▸ **Work required**:
Among the entries below, take the line with "qed (use P_square[OF" and the line with "using assms(2) by (intro", and output them and every line between them exactly, with nothing else.

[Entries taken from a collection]
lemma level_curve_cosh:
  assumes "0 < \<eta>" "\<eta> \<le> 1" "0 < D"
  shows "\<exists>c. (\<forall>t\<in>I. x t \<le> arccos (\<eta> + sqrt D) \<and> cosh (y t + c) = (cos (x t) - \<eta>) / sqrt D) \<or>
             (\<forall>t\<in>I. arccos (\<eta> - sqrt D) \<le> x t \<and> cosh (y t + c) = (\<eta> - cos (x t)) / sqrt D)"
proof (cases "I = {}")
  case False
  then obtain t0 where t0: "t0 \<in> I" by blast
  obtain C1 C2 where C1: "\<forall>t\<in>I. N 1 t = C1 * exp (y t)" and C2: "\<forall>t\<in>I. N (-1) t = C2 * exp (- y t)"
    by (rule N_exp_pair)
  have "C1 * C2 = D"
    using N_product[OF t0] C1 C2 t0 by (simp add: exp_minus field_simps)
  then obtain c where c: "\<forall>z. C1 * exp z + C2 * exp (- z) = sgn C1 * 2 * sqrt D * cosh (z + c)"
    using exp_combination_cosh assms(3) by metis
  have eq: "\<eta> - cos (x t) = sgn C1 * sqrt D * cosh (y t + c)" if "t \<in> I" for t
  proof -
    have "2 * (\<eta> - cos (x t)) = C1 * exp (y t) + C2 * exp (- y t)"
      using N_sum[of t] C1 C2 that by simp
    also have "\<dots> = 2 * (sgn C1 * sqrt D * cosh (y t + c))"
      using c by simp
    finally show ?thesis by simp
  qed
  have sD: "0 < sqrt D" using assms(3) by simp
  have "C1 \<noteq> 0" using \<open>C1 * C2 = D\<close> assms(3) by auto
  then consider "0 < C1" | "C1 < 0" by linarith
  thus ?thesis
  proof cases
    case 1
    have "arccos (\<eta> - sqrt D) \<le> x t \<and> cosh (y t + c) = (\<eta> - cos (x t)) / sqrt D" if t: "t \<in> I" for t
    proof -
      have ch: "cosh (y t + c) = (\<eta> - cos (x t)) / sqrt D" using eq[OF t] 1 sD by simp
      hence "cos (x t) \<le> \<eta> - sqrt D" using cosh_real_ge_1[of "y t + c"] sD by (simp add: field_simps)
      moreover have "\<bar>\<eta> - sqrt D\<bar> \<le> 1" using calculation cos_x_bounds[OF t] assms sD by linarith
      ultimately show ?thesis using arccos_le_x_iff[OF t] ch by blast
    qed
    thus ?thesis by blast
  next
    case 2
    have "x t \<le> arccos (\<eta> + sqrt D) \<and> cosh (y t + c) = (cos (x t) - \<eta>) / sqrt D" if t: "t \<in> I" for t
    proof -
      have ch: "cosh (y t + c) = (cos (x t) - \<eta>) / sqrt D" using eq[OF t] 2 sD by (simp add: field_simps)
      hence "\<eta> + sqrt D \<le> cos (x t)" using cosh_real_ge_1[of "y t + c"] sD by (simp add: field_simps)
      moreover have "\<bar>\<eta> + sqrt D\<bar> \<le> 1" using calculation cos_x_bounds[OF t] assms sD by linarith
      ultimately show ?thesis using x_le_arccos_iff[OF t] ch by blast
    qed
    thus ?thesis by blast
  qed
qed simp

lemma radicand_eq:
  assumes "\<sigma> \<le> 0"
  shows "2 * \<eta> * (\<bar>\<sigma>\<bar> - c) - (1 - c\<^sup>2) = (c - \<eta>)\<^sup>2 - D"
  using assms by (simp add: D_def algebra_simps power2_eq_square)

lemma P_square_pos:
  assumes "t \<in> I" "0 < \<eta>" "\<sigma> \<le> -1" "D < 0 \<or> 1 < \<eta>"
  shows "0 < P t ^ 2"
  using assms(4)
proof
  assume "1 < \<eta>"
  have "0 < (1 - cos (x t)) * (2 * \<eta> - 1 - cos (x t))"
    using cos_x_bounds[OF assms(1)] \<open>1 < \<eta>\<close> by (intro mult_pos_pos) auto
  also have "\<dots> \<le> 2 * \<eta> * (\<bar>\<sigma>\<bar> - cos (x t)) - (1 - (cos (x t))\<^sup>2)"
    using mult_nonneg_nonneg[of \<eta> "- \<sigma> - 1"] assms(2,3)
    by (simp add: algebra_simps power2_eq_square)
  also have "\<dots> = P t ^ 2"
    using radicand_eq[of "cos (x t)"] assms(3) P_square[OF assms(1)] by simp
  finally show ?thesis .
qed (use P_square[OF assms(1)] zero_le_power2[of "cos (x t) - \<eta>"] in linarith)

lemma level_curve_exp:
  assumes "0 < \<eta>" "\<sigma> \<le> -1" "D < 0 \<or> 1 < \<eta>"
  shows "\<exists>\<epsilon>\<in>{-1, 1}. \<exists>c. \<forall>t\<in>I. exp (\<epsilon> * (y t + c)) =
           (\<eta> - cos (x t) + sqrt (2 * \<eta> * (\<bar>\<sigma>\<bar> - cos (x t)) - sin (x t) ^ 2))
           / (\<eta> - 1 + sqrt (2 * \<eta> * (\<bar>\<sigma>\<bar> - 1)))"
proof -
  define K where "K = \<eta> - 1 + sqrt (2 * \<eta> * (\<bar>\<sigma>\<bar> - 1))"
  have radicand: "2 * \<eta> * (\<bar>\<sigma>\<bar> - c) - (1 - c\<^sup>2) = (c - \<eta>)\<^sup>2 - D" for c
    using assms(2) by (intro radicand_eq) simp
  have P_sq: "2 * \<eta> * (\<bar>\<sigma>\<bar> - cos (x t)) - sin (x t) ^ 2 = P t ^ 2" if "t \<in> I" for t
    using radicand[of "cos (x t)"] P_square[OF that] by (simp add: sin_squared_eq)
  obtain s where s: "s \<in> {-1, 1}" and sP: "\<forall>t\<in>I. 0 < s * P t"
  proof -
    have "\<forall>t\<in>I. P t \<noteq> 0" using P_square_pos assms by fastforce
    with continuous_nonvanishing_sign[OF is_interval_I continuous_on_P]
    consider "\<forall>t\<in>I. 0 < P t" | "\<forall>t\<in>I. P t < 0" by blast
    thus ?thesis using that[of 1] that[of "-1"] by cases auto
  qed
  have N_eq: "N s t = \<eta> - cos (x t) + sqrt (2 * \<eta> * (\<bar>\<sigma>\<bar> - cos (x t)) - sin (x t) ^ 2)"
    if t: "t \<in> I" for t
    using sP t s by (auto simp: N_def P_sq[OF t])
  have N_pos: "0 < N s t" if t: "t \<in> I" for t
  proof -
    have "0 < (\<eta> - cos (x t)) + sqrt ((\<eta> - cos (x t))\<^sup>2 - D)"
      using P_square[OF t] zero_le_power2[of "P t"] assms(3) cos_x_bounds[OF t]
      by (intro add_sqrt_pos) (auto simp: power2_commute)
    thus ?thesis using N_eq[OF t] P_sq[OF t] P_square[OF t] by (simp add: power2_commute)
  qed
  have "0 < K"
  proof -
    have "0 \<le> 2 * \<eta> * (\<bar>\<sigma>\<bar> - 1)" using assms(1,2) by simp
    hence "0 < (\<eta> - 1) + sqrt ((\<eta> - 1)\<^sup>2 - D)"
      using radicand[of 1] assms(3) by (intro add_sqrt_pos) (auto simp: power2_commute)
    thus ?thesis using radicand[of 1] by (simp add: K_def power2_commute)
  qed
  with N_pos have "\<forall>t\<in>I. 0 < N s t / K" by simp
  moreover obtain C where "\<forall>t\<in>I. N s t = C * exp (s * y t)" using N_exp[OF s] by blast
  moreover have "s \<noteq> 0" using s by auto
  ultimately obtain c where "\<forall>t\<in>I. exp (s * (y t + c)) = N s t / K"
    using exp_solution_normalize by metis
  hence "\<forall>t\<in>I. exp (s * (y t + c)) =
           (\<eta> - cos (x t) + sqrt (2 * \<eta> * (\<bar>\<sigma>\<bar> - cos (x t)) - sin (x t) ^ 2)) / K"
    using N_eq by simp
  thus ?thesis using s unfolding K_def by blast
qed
--
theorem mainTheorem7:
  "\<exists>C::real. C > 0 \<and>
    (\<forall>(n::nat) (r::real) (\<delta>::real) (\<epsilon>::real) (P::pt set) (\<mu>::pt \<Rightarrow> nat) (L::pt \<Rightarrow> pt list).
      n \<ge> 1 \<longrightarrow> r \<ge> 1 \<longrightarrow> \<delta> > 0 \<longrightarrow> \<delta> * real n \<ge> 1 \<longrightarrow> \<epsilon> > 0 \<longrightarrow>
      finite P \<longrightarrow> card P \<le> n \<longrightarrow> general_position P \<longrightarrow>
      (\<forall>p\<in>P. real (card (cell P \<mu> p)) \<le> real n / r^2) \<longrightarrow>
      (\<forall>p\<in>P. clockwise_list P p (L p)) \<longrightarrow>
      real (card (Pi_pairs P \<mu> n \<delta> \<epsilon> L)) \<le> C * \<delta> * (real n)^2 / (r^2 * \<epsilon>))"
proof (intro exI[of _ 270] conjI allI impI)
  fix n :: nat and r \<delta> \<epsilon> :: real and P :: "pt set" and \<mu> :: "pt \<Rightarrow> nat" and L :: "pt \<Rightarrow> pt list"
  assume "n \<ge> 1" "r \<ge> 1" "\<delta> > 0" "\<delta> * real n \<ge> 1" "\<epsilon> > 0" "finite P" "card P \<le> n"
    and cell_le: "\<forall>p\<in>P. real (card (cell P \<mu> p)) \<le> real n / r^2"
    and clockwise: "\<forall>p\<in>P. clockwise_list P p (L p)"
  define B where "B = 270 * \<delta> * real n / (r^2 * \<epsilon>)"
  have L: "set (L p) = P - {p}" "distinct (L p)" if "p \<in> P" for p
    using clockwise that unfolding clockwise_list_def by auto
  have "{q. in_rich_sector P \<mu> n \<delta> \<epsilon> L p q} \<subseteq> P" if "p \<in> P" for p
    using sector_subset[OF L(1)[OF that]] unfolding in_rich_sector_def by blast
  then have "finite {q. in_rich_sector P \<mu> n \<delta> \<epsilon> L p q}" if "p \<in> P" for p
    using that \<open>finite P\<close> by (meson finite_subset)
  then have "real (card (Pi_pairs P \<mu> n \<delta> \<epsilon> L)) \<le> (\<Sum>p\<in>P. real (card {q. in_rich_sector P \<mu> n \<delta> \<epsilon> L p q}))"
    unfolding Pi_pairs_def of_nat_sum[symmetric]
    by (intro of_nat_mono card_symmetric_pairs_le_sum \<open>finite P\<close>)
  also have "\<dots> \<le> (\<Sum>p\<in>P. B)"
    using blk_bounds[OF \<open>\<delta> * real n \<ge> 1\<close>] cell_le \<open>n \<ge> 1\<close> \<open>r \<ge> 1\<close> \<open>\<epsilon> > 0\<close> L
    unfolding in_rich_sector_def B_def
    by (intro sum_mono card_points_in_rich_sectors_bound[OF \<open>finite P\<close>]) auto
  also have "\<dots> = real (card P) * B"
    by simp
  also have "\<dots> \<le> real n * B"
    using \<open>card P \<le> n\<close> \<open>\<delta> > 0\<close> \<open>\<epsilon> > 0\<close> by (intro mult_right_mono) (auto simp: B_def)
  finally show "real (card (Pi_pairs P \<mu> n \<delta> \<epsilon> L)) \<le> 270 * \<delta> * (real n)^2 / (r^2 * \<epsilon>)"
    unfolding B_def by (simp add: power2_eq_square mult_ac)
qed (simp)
...
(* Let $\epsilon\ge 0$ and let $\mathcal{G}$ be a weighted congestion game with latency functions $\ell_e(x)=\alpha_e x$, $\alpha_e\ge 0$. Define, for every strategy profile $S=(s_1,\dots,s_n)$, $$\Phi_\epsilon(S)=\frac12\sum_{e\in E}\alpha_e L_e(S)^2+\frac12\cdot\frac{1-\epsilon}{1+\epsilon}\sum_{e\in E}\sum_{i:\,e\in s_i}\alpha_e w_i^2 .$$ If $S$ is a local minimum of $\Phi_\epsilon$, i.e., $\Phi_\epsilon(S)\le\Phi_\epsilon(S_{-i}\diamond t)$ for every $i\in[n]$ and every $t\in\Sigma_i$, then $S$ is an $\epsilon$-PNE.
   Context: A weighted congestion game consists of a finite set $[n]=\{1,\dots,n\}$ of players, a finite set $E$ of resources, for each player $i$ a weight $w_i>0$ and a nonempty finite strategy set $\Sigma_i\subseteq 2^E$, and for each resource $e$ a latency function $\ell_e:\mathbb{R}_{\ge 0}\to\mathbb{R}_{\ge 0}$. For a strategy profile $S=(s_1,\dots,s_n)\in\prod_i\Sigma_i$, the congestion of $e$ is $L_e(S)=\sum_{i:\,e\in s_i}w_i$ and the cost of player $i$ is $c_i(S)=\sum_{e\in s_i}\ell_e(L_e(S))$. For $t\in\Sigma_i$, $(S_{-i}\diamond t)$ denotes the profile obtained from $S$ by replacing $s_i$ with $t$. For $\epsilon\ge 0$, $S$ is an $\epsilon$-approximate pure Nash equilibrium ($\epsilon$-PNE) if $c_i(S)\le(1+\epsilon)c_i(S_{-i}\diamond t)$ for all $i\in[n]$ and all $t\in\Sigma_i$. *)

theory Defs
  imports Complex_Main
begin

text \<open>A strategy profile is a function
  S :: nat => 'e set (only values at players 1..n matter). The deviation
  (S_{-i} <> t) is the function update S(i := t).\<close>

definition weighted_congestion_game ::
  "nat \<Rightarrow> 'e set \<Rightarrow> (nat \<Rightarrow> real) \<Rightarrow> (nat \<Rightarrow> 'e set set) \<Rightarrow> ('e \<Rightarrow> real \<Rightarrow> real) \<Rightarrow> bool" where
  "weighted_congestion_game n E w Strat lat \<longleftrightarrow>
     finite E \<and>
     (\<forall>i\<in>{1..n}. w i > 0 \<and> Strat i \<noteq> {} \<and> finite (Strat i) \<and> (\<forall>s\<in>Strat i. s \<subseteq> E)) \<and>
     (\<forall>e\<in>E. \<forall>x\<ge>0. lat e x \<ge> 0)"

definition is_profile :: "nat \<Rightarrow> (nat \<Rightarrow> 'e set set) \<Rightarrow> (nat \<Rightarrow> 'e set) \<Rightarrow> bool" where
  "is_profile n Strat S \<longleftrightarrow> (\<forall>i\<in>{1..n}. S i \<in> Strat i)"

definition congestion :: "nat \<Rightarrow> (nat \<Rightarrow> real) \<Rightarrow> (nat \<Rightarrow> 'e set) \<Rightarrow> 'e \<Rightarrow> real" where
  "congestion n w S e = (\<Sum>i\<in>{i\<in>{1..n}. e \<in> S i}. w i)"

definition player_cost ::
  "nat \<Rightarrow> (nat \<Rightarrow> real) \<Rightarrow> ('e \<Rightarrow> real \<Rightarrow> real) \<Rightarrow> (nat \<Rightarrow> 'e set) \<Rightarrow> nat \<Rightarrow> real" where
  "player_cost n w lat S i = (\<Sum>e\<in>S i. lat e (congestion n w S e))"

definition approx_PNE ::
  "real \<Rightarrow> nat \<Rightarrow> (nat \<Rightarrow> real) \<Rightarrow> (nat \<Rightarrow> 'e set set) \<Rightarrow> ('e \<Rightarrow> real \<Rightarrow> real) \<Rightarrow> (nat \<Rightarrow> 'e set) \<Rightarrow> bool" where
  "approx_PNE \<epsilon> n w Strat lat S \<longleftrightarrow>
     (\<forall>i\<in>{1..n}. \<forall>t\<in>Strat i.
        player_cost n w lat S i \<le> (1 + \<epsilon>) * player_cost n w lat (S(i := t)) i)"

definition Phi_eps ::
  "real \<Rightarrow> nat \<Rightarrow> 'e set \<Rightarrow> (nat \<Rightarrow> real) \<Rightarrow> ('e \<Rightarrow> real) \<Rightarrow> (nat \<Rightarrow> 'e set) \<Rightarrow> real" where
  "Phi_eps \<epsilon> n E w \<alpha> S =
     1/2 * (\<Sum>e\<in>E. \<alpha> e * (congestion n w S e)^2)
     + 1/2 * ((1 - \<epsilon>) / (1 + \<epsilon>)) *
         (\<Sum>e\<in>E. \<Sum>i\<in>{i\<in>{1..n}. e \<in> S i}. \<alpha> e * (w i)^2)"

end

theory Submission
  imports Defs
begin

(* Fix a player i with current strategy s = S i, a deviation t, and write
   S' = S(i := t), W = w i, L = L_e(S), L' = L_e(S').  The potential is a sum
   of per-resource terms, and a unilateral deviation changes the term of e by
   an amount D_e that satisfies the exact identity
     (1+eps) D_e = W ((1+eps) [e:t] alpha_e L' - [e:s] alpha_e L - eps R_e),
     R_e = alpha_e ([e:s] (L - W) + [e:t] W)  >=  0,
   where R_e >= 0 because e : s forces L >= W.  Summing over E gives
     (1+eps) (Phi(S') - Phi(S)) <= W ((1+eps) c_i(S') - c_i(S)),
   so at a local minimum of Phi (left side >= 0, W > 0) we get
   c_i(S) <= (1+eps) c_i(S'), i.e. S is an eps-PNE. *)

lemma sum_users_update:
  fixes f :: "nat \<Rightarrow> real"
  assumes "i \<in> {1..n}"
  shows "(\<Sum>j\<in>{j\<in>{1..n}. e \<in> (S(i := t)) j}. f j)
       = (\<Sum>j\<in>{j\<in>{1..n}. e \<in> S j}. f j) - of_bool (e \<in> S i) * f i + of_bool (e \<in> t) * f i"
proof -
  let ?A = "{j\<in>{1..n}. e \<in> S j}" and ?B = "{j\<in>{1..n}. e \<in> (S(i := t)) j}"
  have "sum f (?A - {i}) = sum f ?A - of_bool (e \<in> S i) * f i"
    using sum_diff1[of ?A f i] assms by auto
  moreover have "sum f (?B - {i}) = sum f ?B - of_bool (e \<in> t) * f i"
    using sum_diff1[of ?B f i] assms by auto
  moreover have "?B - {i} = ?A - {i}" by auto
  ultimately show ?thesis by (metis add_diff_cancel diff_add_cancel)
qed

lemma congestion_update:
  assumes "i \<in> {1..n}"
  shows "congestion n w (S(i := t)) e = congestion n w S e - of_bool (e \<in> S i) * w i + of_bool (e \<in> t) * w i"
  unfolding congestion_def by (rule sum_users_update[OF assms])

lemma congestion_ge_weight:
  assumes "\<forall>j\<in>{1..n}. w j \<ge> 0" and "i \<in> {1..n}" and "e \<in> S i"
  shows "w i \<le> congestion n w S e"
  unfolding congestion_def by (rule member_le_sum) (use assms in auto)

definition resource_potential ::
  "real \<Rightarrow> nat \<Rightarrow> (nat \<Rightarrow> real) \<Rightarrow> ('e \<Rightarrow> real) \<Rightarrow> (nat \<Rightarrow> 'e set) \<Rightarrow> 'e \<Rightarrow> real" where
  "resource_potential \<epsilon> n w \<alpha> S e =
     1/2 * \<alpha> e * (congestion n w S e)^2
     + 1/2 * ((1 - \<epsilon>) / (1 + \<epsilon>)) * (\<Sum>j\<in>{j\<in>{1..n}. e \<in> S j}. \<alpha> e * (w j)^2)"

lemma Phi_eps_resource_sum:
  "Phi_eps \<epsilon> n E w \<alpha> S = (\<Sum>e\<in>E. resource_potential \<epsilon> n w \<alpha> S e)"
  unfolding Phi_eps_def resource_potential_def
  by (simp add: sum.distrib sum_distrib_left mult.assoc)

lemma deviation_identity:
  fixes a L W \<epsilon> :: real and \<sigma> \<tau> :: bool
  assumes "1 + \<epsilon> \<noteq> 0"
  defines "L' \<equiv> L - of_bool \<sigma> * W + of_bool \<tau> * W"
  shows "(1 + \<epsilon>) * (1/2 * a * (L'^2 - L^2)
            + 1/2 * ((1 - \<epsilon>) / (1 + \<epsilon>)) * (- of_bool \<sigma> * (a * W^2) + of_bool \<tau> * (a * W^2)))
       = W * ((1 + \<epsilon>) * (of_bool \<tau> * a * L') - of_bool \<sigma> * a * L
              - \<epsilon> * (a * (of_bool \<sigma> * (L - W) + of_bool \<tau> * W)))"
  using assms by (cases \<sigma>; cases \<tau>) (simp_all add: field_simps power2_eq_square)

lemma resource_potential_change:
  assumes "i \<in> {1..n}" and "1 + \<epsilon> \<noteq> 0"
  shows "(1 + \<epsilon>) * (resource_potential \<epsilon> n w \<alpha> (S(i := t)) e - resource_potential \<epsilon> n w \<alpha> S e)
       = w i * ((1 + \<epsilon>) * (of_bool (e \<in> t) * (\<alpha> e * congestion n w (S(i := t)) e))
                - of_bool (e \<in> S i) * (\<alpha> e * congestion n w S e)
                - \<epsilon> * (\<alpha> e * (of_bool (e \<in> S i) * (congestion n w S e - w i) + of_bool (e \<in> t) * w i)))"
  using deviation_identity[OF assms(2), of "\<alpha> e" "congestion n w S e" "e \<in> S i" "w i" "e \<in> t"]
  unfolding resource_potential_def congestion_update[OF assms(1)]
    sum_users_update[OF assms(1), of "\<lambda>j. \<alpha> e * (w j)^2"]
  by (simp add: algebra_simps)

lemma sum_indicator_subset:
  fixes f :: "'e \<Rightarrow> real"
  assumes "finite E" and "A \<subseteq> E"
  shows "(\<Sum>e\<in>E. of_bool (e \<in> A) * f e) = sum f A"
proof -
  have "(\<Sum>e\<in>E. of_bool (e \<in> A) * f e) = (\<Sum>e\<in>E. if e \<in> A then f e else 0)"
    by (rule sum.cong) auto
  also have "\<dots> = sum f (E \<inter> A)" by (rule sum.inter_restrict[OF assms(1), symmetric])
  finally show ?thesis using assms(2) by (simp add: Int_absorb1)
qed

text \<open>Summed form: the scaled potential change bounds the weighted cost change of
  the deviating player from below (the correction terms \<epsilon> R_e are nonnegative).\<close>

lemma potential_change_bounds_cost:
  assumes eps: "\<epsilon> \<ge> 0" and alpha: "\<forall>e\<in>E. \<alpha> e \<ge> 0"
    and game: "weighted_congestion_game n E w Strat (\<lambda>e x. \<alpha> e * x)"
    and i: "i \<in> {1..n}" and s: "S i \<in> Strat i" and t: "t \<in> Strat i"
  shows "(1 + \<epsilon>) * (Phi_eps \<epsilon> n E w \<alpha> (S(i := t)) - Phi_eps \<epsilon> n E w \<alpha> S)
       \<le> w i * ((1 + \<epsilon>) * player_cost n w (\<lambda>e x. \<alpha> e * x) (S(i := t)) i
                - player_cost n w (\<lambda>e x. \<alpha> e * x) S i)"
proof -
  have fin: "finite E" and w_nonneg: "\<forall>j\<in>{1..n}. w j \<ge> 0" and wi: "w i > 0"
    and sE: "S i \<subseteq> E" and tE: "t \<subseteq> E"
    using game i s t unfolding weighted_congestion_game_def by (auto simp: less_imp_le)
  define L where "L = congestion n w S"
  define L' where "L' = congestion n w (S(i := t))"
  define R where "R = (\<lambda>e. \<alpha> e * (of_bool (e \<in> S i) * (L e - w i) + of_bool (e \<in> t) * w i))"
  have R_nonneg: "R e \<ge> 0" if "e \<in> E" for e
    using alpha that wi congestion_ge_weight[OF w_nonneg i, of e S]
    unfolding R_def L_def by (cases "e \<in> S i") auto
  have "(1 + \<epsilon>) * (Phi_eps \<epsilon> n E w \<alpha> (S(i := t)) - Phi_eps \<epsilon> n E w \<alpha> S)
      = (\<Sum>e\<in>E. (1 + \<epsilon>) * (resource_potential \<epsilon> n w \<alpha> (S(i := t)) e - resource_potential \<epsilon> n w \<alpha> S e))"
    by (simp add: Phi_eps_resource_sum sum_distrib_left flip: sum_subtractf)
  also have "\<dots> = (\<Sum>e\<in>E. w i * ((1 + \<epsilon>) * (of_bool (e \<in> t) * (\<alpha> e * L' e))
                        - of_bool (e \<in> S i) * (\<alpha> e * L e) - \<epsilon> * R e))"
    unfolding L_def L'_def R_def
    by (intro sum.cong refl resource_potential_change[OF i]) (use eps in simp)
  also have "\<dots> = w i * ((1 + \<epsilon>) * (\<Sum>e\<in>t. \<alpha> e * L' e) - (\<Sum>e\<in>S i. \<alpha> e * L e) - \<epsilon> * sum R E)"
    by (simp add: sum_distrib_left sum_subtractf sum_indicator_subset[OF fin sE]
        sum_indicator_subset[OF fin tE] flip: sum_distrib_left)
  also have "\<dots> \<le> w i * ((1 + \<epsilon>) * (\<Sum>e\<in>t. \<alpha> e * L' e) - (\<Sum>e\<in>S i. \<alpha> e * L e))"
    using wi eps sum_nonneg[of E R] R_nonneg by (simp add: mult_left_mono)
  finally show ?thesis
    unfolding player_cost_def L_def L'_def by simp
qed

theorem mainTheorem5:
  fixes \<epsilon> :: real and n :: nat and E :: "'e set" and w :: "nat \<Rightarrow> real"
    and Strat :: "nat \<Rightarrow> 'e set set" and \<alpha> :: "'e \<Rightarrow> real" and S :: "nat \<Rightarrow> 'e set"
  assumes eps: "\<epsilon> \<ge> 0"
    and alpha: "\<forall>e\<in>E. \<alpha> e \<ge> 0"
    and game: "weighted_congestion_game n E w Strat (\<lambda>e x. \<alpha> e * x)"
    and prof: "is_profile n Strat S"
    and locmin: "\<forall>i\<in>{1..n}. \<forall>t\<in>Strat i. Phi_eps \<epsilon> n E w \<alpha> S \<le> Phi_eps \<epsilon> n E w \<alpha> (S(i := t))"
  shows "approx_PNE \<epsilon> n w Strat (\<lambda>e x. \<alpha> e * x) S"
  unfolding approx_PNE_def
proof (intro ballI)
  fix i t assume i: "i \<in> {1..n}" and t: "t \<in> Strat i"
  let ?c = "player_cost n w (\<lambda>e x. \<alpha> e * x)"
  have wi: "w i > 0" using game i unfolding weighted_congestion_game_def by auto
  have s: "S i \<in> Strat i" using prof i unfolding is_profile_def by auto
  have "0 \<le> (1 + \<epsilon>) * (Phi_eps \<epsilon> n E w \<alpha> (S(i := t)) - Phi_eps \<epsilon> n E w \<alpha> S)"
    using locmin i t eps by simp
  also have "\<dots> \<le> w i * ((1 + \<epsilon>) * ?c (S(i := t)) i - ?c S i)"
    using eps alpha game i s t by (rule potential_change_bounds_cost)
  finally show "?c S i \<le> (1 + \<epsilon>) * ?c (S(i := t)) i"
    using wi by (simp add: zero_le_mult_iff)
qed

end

▸ **Task response**:
qed (use P_square[OF assms(1)] zero_le_power2[of "cos (x t) - \<eta>"] in linarith)

lemma level_curve_exp:
  assumes "0 < \<eta>" "\<sigma> \<le> -1" "D < 0 \<or> 1 < \<eta>"
  shows "\<exists>\<epsilon>\<in>{-1, 1}. \<exists>c. \<forall>t\<in>I. exp (\<epsilon> * (y t + c)) =
           (\<eta> - cos (x t) + sqrt (2 * \<eta> * (\<bar>\<sigma>\<bar> - cos (x t)) - sin (x t) ^ 2))
           / (\<eta> - 1 + sqrt (2 * \<eta> * (\<bar>\<sigma>\<bar> - 1)))"
proof -
  define K where "K = \<eta> - 1 + sqrt (2 * \<eta> * (\<bar>\<sigma>\<bar> - 1))"
  have radicand: "2 * \<eta> * (\<bar>\<sigma>\<bar> - c) - (1 - c\<^sup>2) = (c - \<eta>)\<^sup>2 - D" for c
    using assms(2) by (intro radicand_eq) simp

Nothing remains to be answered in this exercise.